lemma nat_floor_n_ln_n_asymp:
  "(\<lambda>n. real (nat \<lfloor>real n * ln (real n) + real n * y\<rfloor>) / real n - ln (real n)) \<longlonglongrightarrow> y"
proof (rule tendsto_sandwich[where f = "\<lambda>n. y - 1 / real n" and h = "\<lambda>_. y"])
  let ?t = "\<lambda>n. real (nat \<lfloor>real n * ln (real n) + real n * y\<rfloor>)"
  have "eventually (\<lambda>n::nat. 0 \<le> real n * ln (real n) + real n * y) sequentially"
    by real_asymp
  with eventually_gt_at_top[of 0] have "eventually (\<lambda>n. y - 1 / real n \<le> ?t n / real n - ln (real n)
      \<and> ?t n / real n - ln (real n) \<le> y) sequentially"
  proof eventually_elim
    case (elim n)
    let ?x = "real n * ln (real n) + real n * y"
    have "?x - 1 \<le> ?t n" "?t n \<le> ?x"
      using elim by linarith+
    then have "(?x - 1) / real n \<le> ?t n / real n" "?t n / real n \<le> ?x / real n"
      using elim by (auto intro: divide_right_mono)
    moreover have "(?x - 1) / real n = ln (real n) + y - 1 / real n" "?x / real n = ln (real n) + y"
      using elim by (simp_all add: field_simps)
    ultimately show ?case by argo
  qed
  then show "eventually (\<lambda>n. y - 1 / real n \<le> ?t n / real n - ln (real n)) sequentially"
    and "eventually (\<lambda>n. ?t n / real n - ln (real n) \<le> y) sequentially"
    by (auto elim: eventually_mono)
  show "(\<lambda>n. y - 1 / real n) \<longlonglongrightarrow> y"
    by real_asymp
qed simp
(* Let $\tau$ be any substitution. Then (i) no two different basic generators for $\tau$ are G related, and (ii) every generator for $\tau$ is G related to a unique basic generator.
   Context: Let $\mathcal{A}$ be a finite nonempty alphabet, $\mathcal{A}^*$ the finite words over $\mathcal{A}$ (including the empty word), $\mathcal{A}^+$ the nonempty words, $|u|$ the length of $u$. A word $u$ is a factor of $v$ if $v=w_1uw_2$ for some words $w_1,w_2$. A substitution is a map $\tau:\mathcal{A}\to\mathcal{A}^+$ extended to a concatenation-respecting map on words. The language $\mathcal{L}(\tau)$ is the set of words that are factors of $\tau^n(a)$ for some letter $a$ and some $n\ge1$. A generator for $\tau$ is a triple $(v,u,w)$ with $v,u,w\in\mathcal{A}^+$, $u\in\mathcal{L}(\tau)$ and $\tau(u)=vuw$; $v$, $u$, $w$ are its left wing, center and right wing, and its length is $|u|$. If $(v,u,cw)$ is a generator with $c\in\mathcal{A}$, $w\in\mathcal{A}^*$, its right extension is the generator $(v,uc,w\tau(c))$; if $(vc,u,w)$ is a generator with $c\in\mathcal{A}$, $v\in\mathcal{A}^*$, its left extension is the generator $(\tau(c)v,cu,w)$. Two generators $g_1,g_2$ are G related ($g_1\sim_G g_2$) if there is a generator $g_3$ obtainable from $g_1$ and also from $g_2$ by finite (possibly empty) sequences of left and right extensions. A generator is basic if it is not G related to any generator of smaller length. *)

theory Defs
  imports Main
begin

definition is_substitution :: "('a \<Rightarrow> 'a list) \<Rightarrow> bool" where
  "is_substitution \<tau> \<longleftrightarrow> (\<forall>a. \<tau> a \<noteq> [])"

definition subst_word :: "('a \<Rightarrow> 'a list) \<Rightarrow> 'a list \<Rightarrow> 'a list" where
  "subst_word \<tau> w = concat (map \<tau> w)"

definition is_factor :: "'a list \<Rightarrow> 'a list \<Rightarrow> bool" where
  "is_factor u v \<longleftrightarrow> (\<exists>w1 w2. v = w1 @ u @ w2)"

definition lang :: "('a \<Rightarrow> 'a list) \<Rightarrow> 'a list set" where
  "lang \<tau> = {u. \<exists>a n. n \<ge> 1 \<and> is_factor u ((subst_word \<tau> ^^ n) [a])}"

definition generator :: "('a \<Rightarrow> 'a list) \<Rightarrow> 'a list \<times> 'a list \<times> 'a list \<Rightarrow> bool" where
  "generator \<tau> g \<longleftrightarrow> (case g of (v, u, w) \<Rightarrow>
     v \<noteq> [] \<and> u \<noteq> [] \<and> w \<noteq> [] \<and> u \<in> lang \<tau> \<and> subst_word \<tau> u = v @ u @ w)"

definition gen_length :: "'a list \<times> 'a list \<times> 'a list \<Rightarrow> nat" where
  "gen_length g = length (fst (snd g))"

definition ext_step :: "('a \<Rightarrow> 'a list) \<Rightarrow> 'a list \<times> 'a list \<times> 'a list
    \<Rightarrow> 'a list \<times> 'a list \<times> 'a list \<Rightarrow> bool" where
  "ext_step \<tau> g h \<longleftrightarrow> generator \<tau> g \<and>
     ((\<exists>v u c w. g = (v, u, c # w) \<and> h = (v, u @ [c], w @ \<tau> c)) \<or>
      (\<exists>v u c w. g = (v @ [c], u, w) \<and> h = (\<tau> c @ v, c # u, w)))"

definition G_related :: "('a \<Rightarrow> 'a list) \<Rightarrow> 'a list \<times> 'a list \<times> 'a list
    \<Rightarrow> 'a list \<times> 'a list \<times> 'a list \<Rightarrow> bool" where
  "G_related \<tau> g1 g2 \<longleftrightarrow> generator \<tau> g1 \<and> generator \<tau> g2 \<and>
     (\<exists>g3. (ext_step \<tau>)\<^sup>*\<^sup>* g1 g3 \<and> (ext_step \<tau>)\<^sup>*\<^sup>* g2 g3)"

definition basic :: "('a \<Rightarrow> 'a list) \<Rightarrow> 'a list \<times> 'a list \<times> 'a list \<Rightarrow> bool" where
  "basic \<tau> g \<longleftrightarrow> generator \<tau> g \<and>
     \<not> (\<exists>h. G_related \<tau> g h \<and> gen_length h < gen_length g)"

end

theory Submission
  imports Defs
begin

(* Right and left extension commute and are injective on generators, so g1 and g2 are G related
   iff L^i R^j g1 = L^k R^l g2 for some i, j, k, l. Hence G relatedness is an equivalence relation
   on generators, and a generator of least length in a class is basic. Two basic generators b1, b2
   of one class have equal length, and cancelling common extensions reduces their relation to
   L^m b1 = R^m b2. Comparing centres: the centre of b2 cannot lie inside the m letters added to
   the left of the centre of b1, because tau does not shorten words; so the centres overlap in a
   nonempty word z, which is the centre of a generator from which b1 arises by m right extensions.
   Minimality of b1 forces m = 0, i.e. b1 = b2. *)

lemma subst_word_simps [simp]:
  "subst_word \<tau> [] = []"
  "subst_word \<tau> (c # s) = \<tau> c @ subst_word \<tau> s"
  "subst_word \<tau> (s @ t) = subst_word \<tau> s @ subst_word \<tau> t"
  by (simp_all add: subst_word_def)

lemma length_subst_word_ge:
  assumes "is_substitution \<tau>"
  shows "length s \<le> length (subst_word \<tau> s)"
proof (induction s)
  case (Cons c s)
  have "0 < length (\<tau> c)"
    using assms by (simp add: is_substitution_def)
  with Cons.IH show ?case
    by (simp del: length_greater_0_conv)
qed simp

lemma lang_factor_closed:
  assumes "u \<in> lang \<tau>" "is_factor z u"
  shows "z \<in> lang \<tau>"
proof -
  obtain a n w1 w2 x1 x2 where "n \<ge> 1" "(subst_word \<tau> ^^ n) [a] = w1 @ u @ w2" "u = x1 @ z @ x2"
    using assms unfolding lang_def is_factor_def by blast
  then have "n \<ge> 1 \<and> (subst_word \<tau> ^^ n) [a] = (w1 @ x1) @ z @ (x2 @ w2)"
    by simp
  then show ?thesis
    unfolding lang_def is_factor_def by blast
qed

lemma lang_subst_word_closed:
  assumes "u \<in> lang \<tau>"
  shows "subst_word \<tau> u \<in> lang \<tau>"
proof -
  obtain a n w1 w2 where "n \<ge> 1" "(subst_word \<tau> ^^ n) [a] = w1 @ u @ w2"
    using assms unfolding lang_def is_factor_def by blast
  then have "Suc n \<ge> 1 \<and>
      (subst_word \<tau> ^^ Suc n) [a] = subst_word \<tau> w1 @ subst_word \<tau> u @ subst_word \<tau> w2"
    by simp
  then show ?thesis
    unfolding lang_def is_factor_def by blast
qed

lemma lang_factor_of_subst_word:
  assumes "u \<in> lang \<tau>" "subst_word \<tau> u = x @ z @ y"
  shows "z \<in> lang \<tau>"
  using assms lang_factor_closed lang_subst_word_closed unfolding is_factor_def by metis

lemma generatorE:
  assumes "generator \<tau> g"
  obtains v d u c w where "g = (v @ [d], u, c # w)"
proof -
  obtain v u w where "g = (v, u, w)" "v \<noteq> []" "w \<noteq> []"
    using assms by (cases g) (auto simp: generator_def)
  then show ?thesis
    using that by (metis append_butlast_last_id neq_Nil_conv)
qed

type_synonym 'a word_triple = "'a list \<times> 'a list \<times> 'a list"
(* Let $\varepsilon>0$, $\nu\in\mathcal{S}^1$, let $L\subset\mathbb{R}^2$ be a line orthogonal to $\nu$, and let $\alpha\in\{1,2,3\}$ satisfy $|\langle\hat e_\alpha,\nu^\perp\rangle|\le\tfrac12$. Then there exists a family of triangles $(T_z)_{z\in\mathbb{Z}}$ such that for every $z\in\mathbb{Z}$: $$T_z\in\mathcal{T}^+_\varepsilon(\mathbb{R}^2),\quad T_z\subset\Sigma^{\alpha,z}_\varepsilon,\quad T_z\cap L\ne\emptyset,\quad T_z\cap T_{z+1}\ne\emptyset .$$
   Context: Lattice: $\hat e_1=(1,0)$, $\hat e_2=\tfrac12(1,\sqrt3)$, $\hat e_3=\tfrac12(-1,\sqrt3)$, $\mathcal{L}=\{z_1\hat e_1+z_2\hat e_2\colon z\in\mathbb{Z}^2\}$, $\mathcal{L}^1=\{z_1(\hat e_1+\hat e_2)+z_2(\hat e_2+\hat e_3)\colon z\in\mathbb{Z}^2\}$, $\mathcal{L}^2=\mathcal{L}^1+\hat e_1$, $\mathcal{L}^3=\mathcal{L}^1+\hat e_2$. $\mathcal{T}(\mathbb{R}^2)$: closed triangles $\mathrm{conv}\{i,j,k\}$, $i,j,k\in\mathcal L$ pairwise at distance 1, labelled $i\in\mathcal{L}^1,j\in\mathcal{L}^2,k\in\mathcal{L}^3$. $\mathcal{T}^+(\mathbb{R}^2)$ is the subfamily of such triangles whose labelled vertices are positively (counterclockwise) oriented, i.e. $(j-i)\times(k-j)>0$ with $v\times w=v_1w_2-v_2w_1$ (the "upward" triangles); $\mathcal{T}^+_\varepsilon(\mathbb{R}^2)=\varepsilon\mathcal{T}^+(\mathbb{R}^2)$. For $w\in\mathbb{R}^2$, $w^\perp=(-w_2,w_1)$. Slices: $\Sigma^{\alpha,z}_\varepsilon=\{s\hat e_\alpha+t\hat e_\alpha^\perp\colon s\in\mathbb{R},\ t\in[\varepsilon\tfrac{\sqrt3}{2}z,\varepsilon\tfrac{\sqrt3}{2}(z+1)]\}$ for $z\in\mathbb{Z}$. *)

theory Defs
  imports "HOL-Analysis.Analysis"
begin

definition e_hat :: "nat \<Rightarrow> real \<times> real" where
  "e_hat \<alpha> = (if \<alpha> = 1 then (1, 0)
               else if \<alpha> = 2 then (1/2, sqrt 3 / 2)
               else if \<alpha> = 3 then (-1/2, sqrt 3 / 2) else (0, 0))"

definition perp :: "real \<times> real \<Rightarrow> real \<times> real" where
  "perp w = (- snd w, fst w)"

definition cross :: "real \<times> real \<Rightarrow> real \<times> real \<Rightarrow> real" where
  "cross v w = fst v * snd w - snd v * fst w"

definition lat :: "(real \<times> real) set" where
  "lat = {of_int z1 *\<^sub>R e_hat 1 + of_int z2 *\<^sub>R e_hat 2 | z1 z2. True}"

definition lat1 :: "(real \<times> real) set" where
  "lat1 = {of_int z1 *\<^sub>R (e_hat 1 + e_hat 2) + of_int z2 *\<^sub>R (e_hat 2 + e_hat 3) | z1 z2. True}"

definition lat2 :: "(real \<times> real) set" where
  "lat2 = (\<lambda>x. x + e_hat 1) ` lat1"

definition lat3 :: "(real \<times> real) set" where
  "lat3 = (\<lambda>x. x + e_hat 2) ` lat1"

definition triangles_plus :: "(real \<times> real) set set" where
  "triangles_plus = {convex hull {i, j, k} | i j k.
      i \<in> lat1 \<and> j \<in> lat2 \<and> k \<in> lat3 \<and>
      dist i j = 1 \<and> dist j k = 1 \<and> dist i k = 1 \<and>
      cross (j - i) (k - j) > 0}"

definition triangles_plus_eps :: "real \<Rightarrow> (real \<times> real) set set" where
  "triangles_plus_eps \<epsilon> = (\<lambda>T. (\<lambda>x. \<epsilon> *\<^sub>R x) ` T) ` triangles_plus"

definition slice :: "real \<Rightarrow> nat \<Rightarrow> int \<Rightarrow> (real \<times> real) set" where
  "slice \<epsilon> \<alpha> z = {s *\<^sub>R e_hat \<alpha> + t *\<^sub>R perp (e_hat \<alpha>) | s t.
      \<epsilon> * sqrt 3 / 2 * of_int z \<le> t \<and> t \<le> \<epsilon> * sqrt 3 / 2 * (of_int z + 1)}"

end

theory Submission
  imports Defs
begin

(*
  Measure positions against a direction u in {e1, e3, -e2} in "lattice coordinates"
  a u + b v, with v the rotation of u by 60 degrees: row b is the line <x, u^perp> = b sqrt 3 / 2,
  and the upward triangle with vertices a u + b v, (a+1) u + b v, a u + (b+1) v has its base on
  row b and its apex on row b+1.  The slope hypothesis says that L is steep with respect to the
  rows: going up one row decreases the lattice coordinate a of its crossing point by an amount
  in [0, 1].  Choosing in every row the triangle whose base contains the crossing point, the
  base index stays the same or drops by one, so the apex of each triangle is a vertex of the
  next one.  The direction e2 is reduced to -e2 by reversing the order of the rows.
*)

lemma inner_perp_self [simp]: "inner u (perp u) = 0"
  by (cases u) (simp add: perp_def)

lemma inner_perp_perp [simp]: "inner (perp u) (perp v) = inner u v"
  by (cases u, cases v) (simp add: perp_def)

lemma inner_perp_left: "inner (perp u) v = - inner u (perp v)"
  by (cases u, cases v) (simp add: perp_def)

lemma perp_uminus [simp]: "perp (- u) = - perp u"
  by (simp add: perp_def)

lemma inner_perp_sq_add: "(inner u v)\<^sup>2 + (inner u (perp v))\<^sup>2 = (norm u * norm v)\<^sup>2"
  by (cases u, cases v) (simp add: perp_def norm_Pair power2_eq_square algebra_simps)

lemma unit_decomposition:
  assumes "norm u = 1"
  shows "x = inner x u *\<^sub>R u + inner x (perp u) *\<^sub>R perp u"
proof -
  obtain x1 x2 u1 u2 where xu: "x = (x1, x2)" "u = (u1, u2)" by fastforce
  have u: "u1\<^sup>2 + u2\<^sup>2 = 1" using assms xu by (simp add: norm_Pair)
  have "x1 = x1 * (u1\<^sup>2 + u2\<^sup>2)" "x2 = x2 * (u1\<^sup>2 + u2\<^sup>2)" using u by simp_all
  then have "x1 = (x1 * u1 + x2 * u2) * u1 + (x2 * u1 - x1 * u2) * - u2"
    "x2 = (x1 * u1 + x2 * u2) * u2 + (x2 * u1 - x1 * u2) * u1"
    by (simp_all add: algebra_simps power2_eq_square)
  then show ?thesis using xu by (simp add: perp_def)
qed

lemma norm_e_hat: "\<alpha> \<in> {1, 2, 3} \<Longrightarrow> norm (e_hat \<alpha>) = 1"
  by (auto simp: e_hat_def norm_Pair power_divide)

lemma line_slope_bound:
  assumes "norm u = 1" "norm \<nu> = 1" "\<bar>inner u (perp \<nu>)\<bar> \<le> 1/2"
  shows "inner u \<nu> \<noteq> 0" "\<bar>sqrt 3 / 2 * inner (perp u) \<nu> / inner u \<nu>\<bar> \<le> 1/2"
proof -
  define U where "U = inner u \<nu>"
  define W where "W = inner u (perp \<nu>)"
  have "W\<^sup>2 \<le> 1/4" using assms(3) abs_le_square_iff[of W "1/2"] by (simp add: W_def power2_eq_square)
  moreover have "U\<^sup>2 + W\<^sup>2 = 1" using inner_perp_sq_add[of u \<nu>] assms by (simp add: U_def W_def)
  ultimately have W_U: "3 * W\<^sup>2 \<le> U\<^sup>2" and "U\<^sup>2 > 0" by linarith+
  then show "inner u \<nu> \<noteq> 0" by (auto simp: U_def)
  from \<open>U\<^sup>2 > 0\<close> have "(sqrt 3 / 2 * W / U)\<^sup>2 \<le> (1/2)\<^sup>2"
    using W_U by (simp add: power_divide power_mult_distrib divide_le_eq)
  then have "\<bar>sqrt 3 / 2 * W / U\<bar> \<le> 1/2"
    using abs_le_square_iff[of "sqrt 3 / 2 * W / U" "1/2"] by simp
  then show "\<bar>sqrt 3 / 2 * inner (perp u) \<nu> / inner u \<nu>\<bar> \<le> 1/2"
    by (simp add: U_def W_def inner_perp_left)
qed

= = =

__BRIEF__.
What lines in the listing above hold the string "point"? List them.

__YOUR RESPONSE__.
  rows: going up one row decreases the lattice coordinate a of its crossing point by an amount
  in [0, 1].  Choosing in every row the triangle whose base contains the crossing point, the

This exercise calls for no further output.